On 15 May 2011, at 1:22 PM, Stefan Fritsch wrote:
So you implemented it more as a safeguard against confusion with "-
A" strings in existing expressions than as a security measure?
Yes.
Do you think that untrusted shmtl files are not a common use case?
In that case I would tend to the "people can always switch back to
the old restricted expression syntax" solution.
I don't follow what you mean by "untrusted shtml files"?

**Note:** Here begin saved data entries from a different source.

lemma bailey_weight_q_q2_combination:
  assumes q: "norm q < 1" and anz: "\<And>j. 1 - a * q * q ^ j \<noteq> 0"
    and AB: "A * B * q = a" and A: "\<And>n. 1 - A * q ^ n \<noteq> 0" and B: "\<And>n. 1 - B * q ^ n \<noteq> 0"
  shows "(1 - B) * bailey_weight a q A q (q\<^sup>2 * B) k + B * bailey_weight a q A (q\<^sup>2) (q\<^sup>2 * B) k
    = qpoch_inf A q * qpoch_inf B q / (qpoch_inf q q * qpoch_inf (a * q) q) *
      ((1 - (A + B) * q * q ^ k + a * q ^ (2 * k)) * q ^ k /
       ((1 - A * q ^ k) * (1 - A * q * q ^ k) * (1 - B * q ^ k) * (1 - B * q * q ^ k)))"
proof -
  define D where "D = (1 - A * q ^ k) * (1 - A * q * q ^ k) * (1 - B * q ^ k) * (1 - B * q * q ^ k)"
  have "D \<noteq> 0"
    unfolding D_def using A[of k] B[of k] A[of "Suc k"] B[of "Suc k"] by (simp add: mult_ac)
  moreover have N: "1 - (A + B) * q * q ^ k + a * q ^ (2 * k)
      = (1 - A * q * q ^ k) * (1 - B * q ^ k) + B * (1 - q) * q ^ k"
    unfolding AB[symmetric] by (simp add: power_mult_distrib algebra_simps mult_2_right power_add)
  have q2k: "q ^ (2 * k) = q ^ k * q ^ k" by (simp add: mult_2 power_add)
  ultimately show ?thesis
    unfolding N unfolding bailey_weight_q[OF q anz A B] bailey_weight_q2[OF q anz A B] D_def[symmetric] q2k
    using qpoch_inf_nonzero[OF q anz] qpoch_inf_nonzero[OF q qpoch_factor_nonzero[OF q q]]
    by (simp add: field_simps)
qed

lemma summable_bailey_weight_q2:
  assumes q: "norm q < 1" and anz: "\<And>j. 1 - a * q * q ^ j \<noteq> 0"
    and A: "\<And>n. 1 - A * q ^ n \<noteq> 0" and B: "\<And>n. 1 - B * q ^ n \<noteq> 0"
    and summable: "summable (\<lambda>n. (1 - (A + B) * q * q ^ n + a * q ^ (2 * n)) * q ^ n * \<alpha> n /
      ((1 - A * q ^ n) * (1 - A * q * q ^ n) * (1 - B * q ^ n) * (1 - B * q * q ^ n)))"
  shows "summable (\<lambda>k. \<alpha> k * bailey_weight a q A (q\<^sup>2) (q\<^sup>2 * B) k)"
proof -
  define K where "K = qpoch_inf A q * qpoch_inf B q / (qpoch_inf q q * qpoch_inf (a * q) q)"
  define D where "D n = (1 - A * q ^ n) * (1 - A * q * q ^ n) * (1 - B * q ^ n) * (1 - B * q * q ^ n)" for n
  define N where "N n = 1 - (A + B) * q * q ^ n + a * q ^ (2 * n)" for n
  have "N \<longlonglongrightarrow> 1 - (A + B) * q * 0 + a * 0"
    unfolding N_def power_mult using q by (intro tendsto_intros LIMSEQ_power_zero) (auto simp: norm_power power_less_one_iff)
  then have N: "N \<longlonglongrightarrow> 1" by simp
  have S: "summable (\<lambda>k. K * (1 - q) * (q ^ k * (N k * q ^ k * \<alpha> k / D k) / N k))"
    using summable unfolding N_def[symmetric] D_def[symmetric]
    by (intro summable_mult summable_power_mult_divide N q)
  have ev: "\<forall>\<^sub>F k in sequentially.
      K * (1 - q) * (q ^ k * (N k * q ^ k * \<alpha> k / D k) / N k) = \<alpha> k * bailey_weight a q A (q\<^sup>2) (q\<^sup>2 * B) k"
    using tendsto_imp_eventually_ne[OF N one_neq_zero]
    by eventually_elim
      (simp add: bailey_weight_q2[OF q anz A B] K_def[symmetric] D_def[symmetric] mult_2 power_add)
  show ?thesis using S unfolding summable_cong[OF ev] .
qed
lemma vanishes_on_mult_kernel_iff:
  fixes g :: "'a::comm_ring_1 \<Rightarrow> 'a \<Rightarrow> 'z::ab_group_add"
  assumes add: "\<And>a a' b. g (a + a') b = g a b + g a' b"
  shows "(\<forall>ps. (\<Sum>(a, b)\<leftarrow>ps. a * b) = 0 \<longrightarrow> (\<Sum>(a, b)\<leftarrow>ps. g a b) = 0) \<longleftrightarrow>
    (\<forall>a b. g a b = g (a * b) 1)"
proof -
  have additive: "additive (\<lambda>a. g a b)" for b
    by unfold_locales (rule add)
  show ?thesis
  proof
    assume kernel: "\<forall>ps. (\<Sum>(a, b)\<leftarrow>ps. a * b) = 0 \<longrightarrow> (\<Sum>(a, b)\<leftarrow>ps. g a b) = 0"
    show "\<forall>a b. g a b = g (a * b) 1"
    proof (intro allI)
      fix a b
      have "g a b + g (- (a * b)) 1 = 0"
        using kernel[rule_format, of "[(a, b), (- (a * b), 1)]"] by simp
      then show "g a b = g (a * b) 1"
        using additive.minus[OF additive] by (simp add: add_eq_0_iff)
    qed
  next
    assume factors: "\<forall>a b. g a b = g (a * b) 1"
    have "(\<Sum>(a, b)\<leftarrow>ps. g a b) = g (\<Sum>(a, b)\<leftarrow>ps. a * b) 1" for ps
    proof (induction ps)
      case (Cons p ps)
      obtain a b where "p = (a, b)"
        by fastforce
      with Cons.IH show ?case
        by (simp add: add factors[rule_format, of a b])
    qed (simp add: additive.zero[OF additive])
    then show "\<forall>ps. (\<Sum>(a, b)\<leftarrow>ps. a * b) = 0 \<longrightarrow> (\<Sum>(a, b)\<leftarrow>ps. g a b) = 0"
      by (simp add: additive.zero[OF additive])
  qed
qed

What the -A option does is say "if this particular request for this
URL would succeed should this particular user attempt to access this
particular URL directly, then show this data". Or in English, you
would use the -A option within a page to show or hide links to
something in a page depending on whether that person has access to
that link.
For example, to hide the link to JIRA from those that don't have
access to JIRA, do this:
<!--#if expr="-A /jira/"-->
<tr><td><a href="/jira/secure/Dashboard.jspa?os_authType=basic">JIRA</
a></td><td><li></td></tr>
<!--#endif-->
It works the exact same way that mod_autoindex works, which also sets
up subrequests to answer the question "should I display this
particular file in the directory listing". If the subrequest returns
some kind of error (>= 400), the module goes "oh well, access to that
file not permitted, will leave it off the list".